Telomeric position effect variegation in Saccharomyces cerevisiae by Caenorhabditis elegans linker histones suggests a mechanistic connection between germ line and telomeric silencing.

Linker histones are nonessential for the life of single-celled eukaryotes. Linker histones, however, can be important components of specific developmental programs in multicellular animals and plants. For Caenorhabditis elegans a single linker histone variant ( H1.1) is essential in a chromatin silencing process which is crucial for the proliferation and differentiation of the hermaphrodite germ line.
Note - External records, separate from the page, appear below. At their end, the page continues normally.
section \<open>Generating functions of the walk with wall\<close>

locale wall_gf =
  fixes a b :: real and e :: complex and D :: "complex fps"
  assumes coin_unitary: "a^2 + b^2 = 1" and a_nonzero: "a \<noteq> 0"
    and D_0: "D $ 0 = 1"
    and D_square: "D ^ 2 = (1 + fps_X ^ 2) ^ 2 - 4 * fps_const (of_real a) ^ 2 * fps_X ^ 2"
begin

abbreviation "A \<equiv> fps_const (complex_of_real a)"
abbreviation "B \<equiv> fps_const (complex_of_real b)"
abbreviation "E \<equiv> fps_const e"
abbreviation "X \<equiv> (fps_X :: complex fps)"

lemma coin_unitary_fps: "A * A + B * B = 1"
proof -
  have "complex_of_real a * complex_of_real a + complex_of_real b * complex_of_real b = 1"
    using coin_unitary by (simp add: power2_eq_square flip: of_real_mult of_real_add)
  moreover have "A * A + B * B = fps_const (complex_of_real a * complex_of_real a + complex_of_real b * complex_of_real b)"
    by (simp only: fps_const_mult fps_const_add)
  ultimately show ?thesis by simp
qed

lemma A_times_X_nonzero: "4 * A * X \<noteq> 0"
proof
  assume "4 * A * X = 0"
  then have "(4 * A * X) $ 1 = 0" by simp
  moreover have "(4 * A * X) $ 1 = 4 * complex_of_real a"
    by (simp only: fps_numeral_fps_const fps_const_mult mult.assoc[symmetric]) simp
  ultimately show False using a_nonzero by simp
qed

text \<open>zeta = (1 + X^2 - D) / (2 a X), the power-series root of the transfer equation.\<close>
definition zeta :: "complex fps" where
  "zeta = fps_const (1 / (2 * complex_of_real a)) * fps_shift 1 (1 + X ^ 2 - D)"

lemma zeta_eq: "2 * A * X * zeta = 1 + X ^ 2 - D"
proof -
  have shift: "X * fps_shift 1 (1 + X ^ 2 - D) = 1 + X ^ 2 - D"
    by (rule fps_ext) (auto simp: D_0)
  have "2 * A * fps_const (1 / (2 * complex_of_real a)) = fps_const (2 * complex_of_real a * (1 / (2 * complex_of_real a)))"
    by (simp only: fps_numeral_fps_const fps_const_mult)
  also have "\<dots> = 1" using a_nonzero by simp
  finally have two_A: "2 * A * fps_const (1 / (2 * complex_of_real a)) = 1" .
  have "2 * A * X * zeta
        = (2 * A * fps_const (1 / (2 * complex_of_real a))) * (X * fps_shift 1 (1 + X ^ 2 - D))"
    unfolding zeta_def by (simp only: mult_ac)
  then show ?thesis by (simp only: two_A shift mult_1_left)
qed

lemma zeta_quadratic: "A * X * zeta ^ 2 - (1 + X ^ 2) * zeta + A * X = 0"
proof -
  have "4 * A * X * (A * X * zeta ^ 2 - (1 + X ^ 2) * zeta + A * X)
        = (2 * A * X * zeta) ^ 2 - 2 * (1 + X^2) * (2 * A * X * zeta) + 4 * A ^ 2 * X ^ 2"
    by algebra
  also have "\<dots> = D ^ 2 - ((1 + X ^ 2) ^ 2 - 4 * A ^ 2 * X ^ 2)"
    unfolding zeta_eq by algebra
  also have "\<dots> = 0" using D_square by simp
  finally show ?thesis using A_times_X_nonzero by simp
qed

text \<open>G_0 = N / Den is the generating function at the origin, G_R = e X G_0 the one at (1,R)
  and G_L = -b X zeta G_R / N the one at (1,L).\<close>
definition "N = 1 - A * X * zeta"
definition "Den = N + E * B * X ^ 2"
definition "G0 = N * inverse Den"
definition "GR = E * X * G0"
definition "GL = - (B * X * zeta * GR) * inverse N"

lemma N_inverse: "N * inverse N = 1"
  by (rule inverse_mult_eq_1') (simp add: N_def)

lemma Den_inverse: "Den * inverse Den = 1"
  by (rule inverse_mult_eq_1') (simp add: Den_def N_def power2_eq_square)

lemma N_closed_form: "2 * N = 1 - X ^ 2 + D"
  using zeta_eq unfolding N_def by (simp add: algebra_simps)

lemma GL_times_N: "GL * N = - (B * X * zeta * GR)"
  using N_inverse unfolding GL_def by algebra

lemma GL_rec: "GL = X * zeta * (A * GL - B * GR)"
proof -
  have "GL = GL * N + GL * (A * X * zeta)"
    by (simp add: N_def algebra_simps)
  then show ?thesis using GL_times_N by (simp add: algebra_simps)
qed

lemma GR_rec: "GR * zeta = X * (B * GL + A * GR)"
proof -
  have "GR * zeta * N - X * (B * GL + A * GR) * N
      = GR * (zeta - A * X - A * X * zeta ^ 2 + (A * A + B * B) * X ^ 2 * zeta)"
    using GL_times_N unfolding N_def by algebra
  also have "\<dots> = - GR * (A * X * zeta ^ 2 - (1 + X ^ 2) * zeta + A * X)"
    unfolding coin_unitary_fps by (simp add: algebra_simps)
  also have "\<dots> = 0" by (simp add: zeta_quadratic)
  finally have "(GR * zeta - X * (B * GL + A * GR)) * N = 0"
    by (simp add: algebra_simps)
  then have "(GR * zeta - X * (B * GL + A * GR)) * N * inverse N = 0" by simp
  then show ?thesis using N_inverse by (simp add: mult.assoc)
qed

lemma G0_rec: "G0 = 1 + X * (A * GL - B * GR)"
proof -
  have "A * GL - B * GR = - B * GR * inverse N * (A * X * zeta + N)"
    using N_inverse unfolding GL_def by algebra
  then have "A * GL - B * GR = - B * GR * inverse N"
    by (simp add: N_def)
  then have "1 + X * (A * GL - B * GR) = 1 - E * B * X ^ 2 * (N * inverse N) * inverse Den"
    unfolding GR_def G0_def by algebra
  also have "\<dots> = (Den - E * B * X ^ 2) * inverse Den"
    using N_inverse Den_inverse by algebra
  also have "\<dots> = G0" by (simp add: Den_def G0_def)
  finally show ?thesis by simp
qed

definition amp :: "nat \<Rightarrow> chir \<Rightarrow> complex fps" where
  "amp x c = (case c of L \<Rightarrow> if x = 0 then G0 else GL * zeta ^ (x - 1)
                     | R \<Rightarrow> if x = 0 then 0 else GR * zeta ^ (x - 1))"

lemma amp_initial: "amp x c $ 0 = (if x = 0 \<and> c = L then 1 else 0)"
  by (cases c) (auto simp: amp_def G0_def GL_def GR_def N_def Den_def fps_inverse_def)

lemma amp_L_rec:
  "amp x L = (if x = 0 then 1 else 0) + X * (A * amp (Suc x) L - B * amp (Suc x) R)"
proof (cases x)
  case 0 then show ?thesis using G0_rec by (simp add: amp_def)
next
  case (Suc y)
  have "GL * zeta ^ y = (X * zeta * (A * GL - B * GR)) * zeta ^ y"
    using GL_rec by (rule arg_cong)
  then show ?thesis using Suc by (simp add: amp_def algebra_simps)
qed

lemma amp_R_wall: "amp 1 R = X * (E * amp 0 L)"
  by (simp add: amp_def GR_def mult_ac)

lemma amp_R_rec:
  assumes "x \<ge> 1" shows "amp (Suc x) R = X * (B * amp x L + A * amp x R)"
proof -
  obtain y where x: "x = Suc y" using assms by (cases x) auto
  have "GR * zeta ^ Suc y = (GR * zeta) * zeta ^ y" by (simp add: mult_ac)
  also have "\<dots> = X * (B * (GL * zeta ^ y) + A * (GR * zeta ^ y))"
    unfolding GR_rec by (simp add: algebra_simps)
  finally show ?thesis using x by (simp add: amp_def)
qed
In this study we analyzed the whole linker histone complement of C. elegans by telomeric position effect variegation in budding yeast. In this assay an indicator gene (URA3) placed close to the repressive telomeric chromatin structure is subject to epigenetically inherited gene inactivation. Just one out of seven C. elegans linker histones ( H1.1) was able to enhance the telomeric position effect in budding yeast. Since these results reflect the biological function of H1.1 in C. elegans, we suggest that chromatin silencing in C. elegans is governed by molecular mechanisms related to the telomere-dependent silencing in budding yeast. We confirmed this hypothesis by testing C. elegans homologs of three yeast genes which are established modifiers of the yeast telomeric chromatin structure (SIR2, SET1, and RAD17) for their influence on repeat-dependent transgene silencing for C. elegans.[1]